Find the lines in the records below that contain "inverse", and report each of them.

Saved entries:
>>

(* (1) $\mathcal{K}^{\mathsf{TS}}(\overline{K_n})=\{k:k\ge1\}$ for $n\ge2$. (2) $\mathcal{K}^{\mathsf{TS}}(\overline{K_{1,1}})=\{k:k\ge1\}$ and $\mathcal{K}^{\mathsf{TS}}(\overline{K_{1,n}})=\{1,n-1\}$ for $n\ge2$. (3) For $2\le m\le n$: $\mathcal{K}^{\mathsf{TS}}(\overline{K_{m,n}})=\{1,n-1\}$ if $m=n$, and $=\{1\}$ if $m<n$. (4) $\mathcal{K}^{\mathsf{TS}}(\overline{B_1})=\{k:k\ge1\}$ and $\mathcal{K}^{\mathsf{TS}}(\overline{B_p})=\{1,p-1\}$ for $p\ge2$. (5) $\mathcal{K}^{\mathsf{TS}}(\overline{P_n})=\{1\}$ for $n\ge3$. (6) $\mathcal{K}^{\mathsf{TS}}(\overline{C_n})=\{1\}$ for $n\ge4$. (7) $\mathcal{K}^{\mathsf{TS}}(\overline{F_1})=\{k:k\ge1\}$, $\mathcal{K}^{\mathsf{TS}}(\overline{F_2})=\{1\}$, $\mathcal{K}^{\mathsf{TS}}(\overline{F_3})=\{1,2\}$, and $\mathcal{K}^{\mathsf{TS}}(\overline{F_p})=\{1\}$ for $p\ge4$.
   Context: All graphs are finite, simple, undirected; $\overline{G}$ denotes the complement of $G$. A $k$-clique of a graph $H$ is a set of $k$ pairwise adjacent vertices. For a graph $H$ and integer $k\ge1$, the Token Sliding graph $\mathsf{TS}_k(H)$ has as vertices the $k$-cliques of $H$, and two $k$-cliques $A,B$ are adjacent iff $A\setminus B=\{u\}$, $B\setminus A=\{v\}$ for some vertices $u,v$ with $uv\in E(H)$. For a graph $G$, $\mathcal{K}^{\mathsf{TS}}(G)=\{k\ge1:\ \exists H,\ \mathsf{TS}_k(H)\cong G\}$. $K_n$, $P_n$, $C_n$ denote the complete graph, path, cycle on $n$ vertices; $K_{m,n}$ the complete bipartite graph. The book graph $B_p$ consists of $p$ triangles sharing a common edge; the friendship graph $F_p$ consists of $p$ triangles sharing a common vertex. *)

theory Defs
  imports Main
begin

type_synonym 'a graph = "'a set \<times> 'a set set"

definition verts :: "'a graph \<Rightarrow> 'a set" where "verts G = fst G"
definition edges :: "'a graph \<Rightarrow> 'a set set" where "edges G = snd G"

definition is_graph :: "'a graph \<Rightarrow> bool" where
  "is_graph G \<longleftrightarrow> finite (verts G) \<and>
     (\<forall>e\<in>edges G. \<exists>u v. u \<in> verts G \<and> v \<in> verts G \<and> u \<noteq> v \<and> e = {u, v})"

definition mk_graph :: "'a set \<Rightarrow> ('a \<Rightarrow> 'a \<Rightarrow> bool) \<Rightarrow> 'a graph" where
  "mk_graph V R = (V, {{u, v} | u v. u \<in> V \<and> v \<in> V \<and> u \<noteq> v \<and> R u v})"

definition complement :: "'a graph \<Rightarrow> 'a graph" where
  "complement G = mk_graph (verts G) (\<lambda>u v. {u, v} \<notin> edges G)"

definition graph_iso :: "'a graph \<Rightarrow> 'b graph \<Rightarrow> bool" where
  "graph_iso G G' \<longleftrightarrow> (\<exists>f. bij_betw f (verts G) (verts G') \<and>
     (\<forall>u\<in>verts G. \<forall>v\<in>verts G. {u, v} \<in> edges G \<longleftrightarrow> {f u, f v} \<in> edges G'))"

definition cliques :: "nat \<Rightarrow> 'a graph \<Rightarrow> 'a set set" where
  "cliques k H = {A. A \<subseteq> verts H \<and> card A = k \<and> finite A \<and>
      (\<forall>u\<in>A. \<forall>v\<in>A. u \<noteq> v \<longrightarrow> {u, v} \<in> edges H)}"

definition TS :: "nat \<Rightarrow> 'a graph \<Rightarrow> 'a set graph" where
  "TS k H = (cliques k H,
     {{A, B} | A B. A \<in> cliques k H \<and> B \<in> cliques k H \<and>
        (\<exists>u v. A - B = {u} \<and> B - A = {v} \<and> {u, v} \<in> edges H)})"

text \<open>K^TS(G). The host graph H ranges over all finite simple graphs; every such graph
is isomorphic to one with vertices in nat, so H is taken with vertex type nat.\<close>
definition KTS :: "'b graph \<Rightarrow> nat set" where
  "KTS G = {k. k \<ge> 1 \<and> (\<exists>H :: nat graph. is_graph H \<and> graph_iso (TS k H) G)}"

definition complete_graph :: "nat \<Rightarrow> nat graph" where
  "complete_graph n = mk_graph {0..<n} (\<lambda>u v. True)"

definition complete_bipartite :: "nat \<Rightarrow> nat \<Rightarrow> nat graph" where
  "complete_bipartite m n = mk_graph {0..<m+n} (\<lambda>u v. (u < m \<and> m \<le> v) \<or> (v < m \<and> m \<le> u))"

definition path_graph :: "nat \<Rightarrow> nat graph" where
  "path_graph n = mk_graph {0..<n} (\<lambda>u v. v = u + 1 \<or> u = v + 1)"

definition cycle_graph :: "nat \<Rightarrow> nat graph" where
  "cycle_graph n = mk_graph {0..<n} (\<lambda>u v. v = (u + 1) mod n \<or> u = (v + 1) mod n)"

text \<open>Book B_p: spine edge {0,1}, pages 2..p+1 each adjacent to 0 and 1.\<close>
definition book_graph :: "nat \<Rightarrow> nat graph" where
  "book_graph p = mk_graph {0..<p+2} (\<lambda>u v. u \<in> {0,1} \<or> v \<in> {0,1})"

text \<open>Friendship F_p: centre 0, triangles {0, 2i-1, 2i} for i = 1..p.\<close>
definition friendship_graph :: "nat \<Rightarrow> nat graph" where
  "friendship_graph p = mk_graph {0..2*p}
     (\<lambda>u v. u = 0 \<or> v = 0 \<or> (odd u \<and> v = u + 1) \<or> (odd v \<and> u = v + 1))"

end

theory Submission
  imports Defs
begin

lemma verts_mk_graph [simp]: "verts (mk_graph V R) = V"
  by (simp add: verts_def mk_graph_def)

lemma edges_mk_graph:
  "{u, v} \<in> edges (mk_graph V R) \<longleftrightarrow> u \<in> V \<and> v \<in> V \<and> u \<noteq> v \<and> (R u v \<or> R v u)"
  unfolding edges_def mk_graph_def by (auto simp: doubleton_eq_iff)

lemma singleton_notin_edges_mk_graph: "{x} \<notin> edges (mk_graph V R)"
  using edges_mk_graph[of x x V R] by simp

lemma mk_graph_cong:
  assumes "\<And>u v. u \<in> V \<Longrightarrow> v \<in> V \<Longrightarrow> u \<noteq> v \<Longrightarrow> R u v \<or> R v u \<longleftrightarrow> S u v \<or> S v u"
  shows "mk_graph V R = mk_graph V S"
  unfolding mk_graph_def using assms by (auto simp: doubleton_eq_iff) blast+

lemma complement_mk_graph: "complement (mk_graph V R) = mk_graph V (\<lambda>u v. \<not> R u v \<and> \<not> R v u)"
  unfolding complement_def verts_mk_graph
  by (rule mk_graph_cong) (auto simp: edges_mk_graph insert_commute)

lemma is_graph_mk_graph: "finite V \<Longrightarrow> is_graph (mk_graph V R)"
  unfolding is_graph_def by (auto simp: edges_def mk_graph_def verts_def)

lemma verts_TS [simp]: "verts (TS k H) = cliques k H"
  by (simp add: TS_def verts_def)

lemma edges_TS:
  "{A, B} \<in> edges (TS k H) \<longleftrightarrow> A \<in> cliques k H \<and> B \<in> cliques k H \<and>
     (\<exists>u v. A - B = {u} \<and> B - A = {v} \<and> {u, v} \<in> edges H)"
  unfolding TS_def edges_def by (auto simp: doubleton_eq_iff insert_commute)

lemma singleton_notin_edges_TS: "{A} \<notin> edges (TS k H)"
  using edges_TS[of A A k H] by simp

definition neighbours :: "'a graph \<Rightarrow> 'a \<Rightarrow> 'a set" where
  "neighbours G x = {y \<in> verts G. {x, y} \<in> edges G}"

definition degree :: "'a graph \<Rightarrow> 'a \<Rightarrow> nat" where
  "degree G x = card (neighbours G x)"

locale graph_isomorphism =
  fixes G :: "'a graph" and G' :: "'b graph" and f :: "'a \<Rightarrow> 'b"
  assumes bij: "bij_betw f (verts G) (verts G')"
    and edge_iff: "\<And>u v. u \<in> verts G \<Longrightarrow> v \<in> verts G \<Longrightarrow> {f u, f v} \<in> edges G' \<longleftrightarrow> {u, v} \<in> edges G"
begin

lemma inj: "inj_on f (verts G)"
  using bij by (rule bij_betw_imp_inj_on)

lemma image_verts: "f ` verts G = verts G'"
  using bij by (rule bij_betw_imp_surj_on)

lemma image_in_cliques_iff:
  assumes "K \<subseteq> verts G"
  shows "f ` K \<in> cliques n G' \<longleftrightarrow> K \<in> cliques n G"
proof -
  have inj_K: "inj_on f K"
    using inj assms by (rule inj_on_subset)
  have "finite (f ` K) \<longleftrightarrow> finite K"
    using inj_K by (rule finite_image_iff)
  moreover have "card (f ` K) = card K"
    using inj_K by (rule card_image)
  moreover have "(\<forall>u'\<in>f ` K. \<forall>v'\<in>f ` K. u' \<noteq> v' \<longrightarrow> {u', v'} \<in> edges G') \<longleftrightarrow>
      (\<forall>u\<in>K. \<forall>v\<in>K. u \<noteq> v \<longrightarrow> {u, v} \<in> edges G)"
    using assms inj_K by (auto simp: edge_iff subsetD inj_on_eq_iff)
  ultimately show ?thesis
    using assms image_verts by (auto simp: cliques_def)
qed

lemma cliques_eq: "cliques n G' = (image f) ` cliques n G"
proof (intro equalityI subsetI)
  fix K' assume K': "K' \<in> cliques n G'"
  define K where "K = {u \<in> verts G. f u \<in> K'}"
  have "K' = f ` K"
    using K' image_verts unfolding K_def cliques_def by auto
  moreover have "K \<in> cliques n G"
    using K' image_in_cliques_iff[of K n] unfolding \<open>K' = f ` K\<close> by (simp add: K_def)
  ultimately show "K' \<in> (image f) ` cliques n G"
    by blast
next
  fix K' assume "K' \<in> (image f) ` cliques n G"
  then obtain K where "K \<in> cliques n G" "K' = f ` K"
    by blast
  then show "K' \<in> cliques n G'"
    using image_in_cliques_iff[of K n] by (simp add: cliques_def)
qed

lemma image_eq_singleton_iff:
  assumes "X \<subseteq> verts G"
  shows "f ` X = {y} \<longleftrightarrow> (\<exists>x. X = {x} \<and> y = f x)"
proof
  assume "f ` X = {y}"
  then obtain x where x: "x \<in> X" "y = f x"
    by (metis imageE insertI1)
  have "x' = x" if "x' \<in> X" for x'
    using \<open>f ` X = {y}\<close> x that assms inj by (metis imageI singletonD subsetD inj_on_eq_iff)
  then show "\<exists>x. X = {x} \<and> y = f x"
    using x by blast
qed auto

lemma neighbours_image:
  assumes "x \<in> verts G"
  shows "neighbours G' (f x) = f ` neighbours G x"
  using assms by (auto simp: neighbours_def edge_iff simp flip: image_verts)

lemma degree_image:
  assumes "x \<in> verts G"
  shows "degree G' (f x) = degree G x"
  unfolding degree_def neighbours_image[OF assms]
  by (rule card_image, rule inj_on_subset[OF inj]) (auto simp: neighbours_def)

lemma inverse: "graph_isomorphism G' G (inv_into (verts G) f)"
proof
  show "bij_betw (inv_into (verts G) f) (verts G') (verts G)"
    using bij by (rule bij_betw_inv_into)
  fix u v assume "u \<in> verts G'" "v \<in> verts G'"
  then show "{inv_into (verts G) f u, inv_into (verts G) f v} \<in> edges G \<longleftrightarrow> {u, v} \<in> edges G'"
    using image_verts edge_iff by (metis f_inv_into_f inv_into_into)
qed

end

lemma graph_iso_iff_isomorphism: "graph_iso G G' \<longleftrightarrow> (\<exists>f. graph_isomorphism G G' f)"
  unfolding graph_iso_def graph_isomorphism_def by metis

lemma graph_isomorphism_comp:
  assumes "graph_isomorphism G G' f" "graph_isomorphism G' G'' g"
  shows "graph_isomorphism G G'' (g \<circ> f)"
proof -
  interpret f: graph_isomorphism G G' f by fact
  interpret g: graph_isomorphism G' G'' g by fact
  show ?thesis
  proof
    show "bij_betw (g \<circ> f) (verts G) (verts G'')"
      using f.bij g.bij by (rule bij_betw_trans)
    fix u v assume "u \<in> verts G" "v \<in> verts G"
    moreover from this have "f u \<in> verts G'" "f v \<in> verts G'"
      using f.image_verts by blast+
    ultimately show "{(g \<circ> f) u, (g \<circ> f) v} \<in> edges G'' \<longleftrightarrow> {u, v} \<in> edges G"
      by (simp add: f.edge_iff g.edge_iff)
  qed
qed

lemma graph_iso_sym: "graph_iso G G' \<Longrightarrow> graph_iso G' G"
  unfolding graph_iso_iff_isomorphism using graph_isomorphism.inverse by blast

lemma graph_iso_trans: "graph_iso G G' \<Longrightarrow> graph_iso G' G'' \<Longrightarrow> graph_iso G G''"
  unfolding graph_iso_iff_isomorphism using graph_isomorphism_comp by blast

<<

• **Response area**
lemma inverse: "graph_isomorphism G' G (inv_into (verts G) f)"
  unfolding graph_iso_iff_isomorphism using graph_isomorphism.inverse by blast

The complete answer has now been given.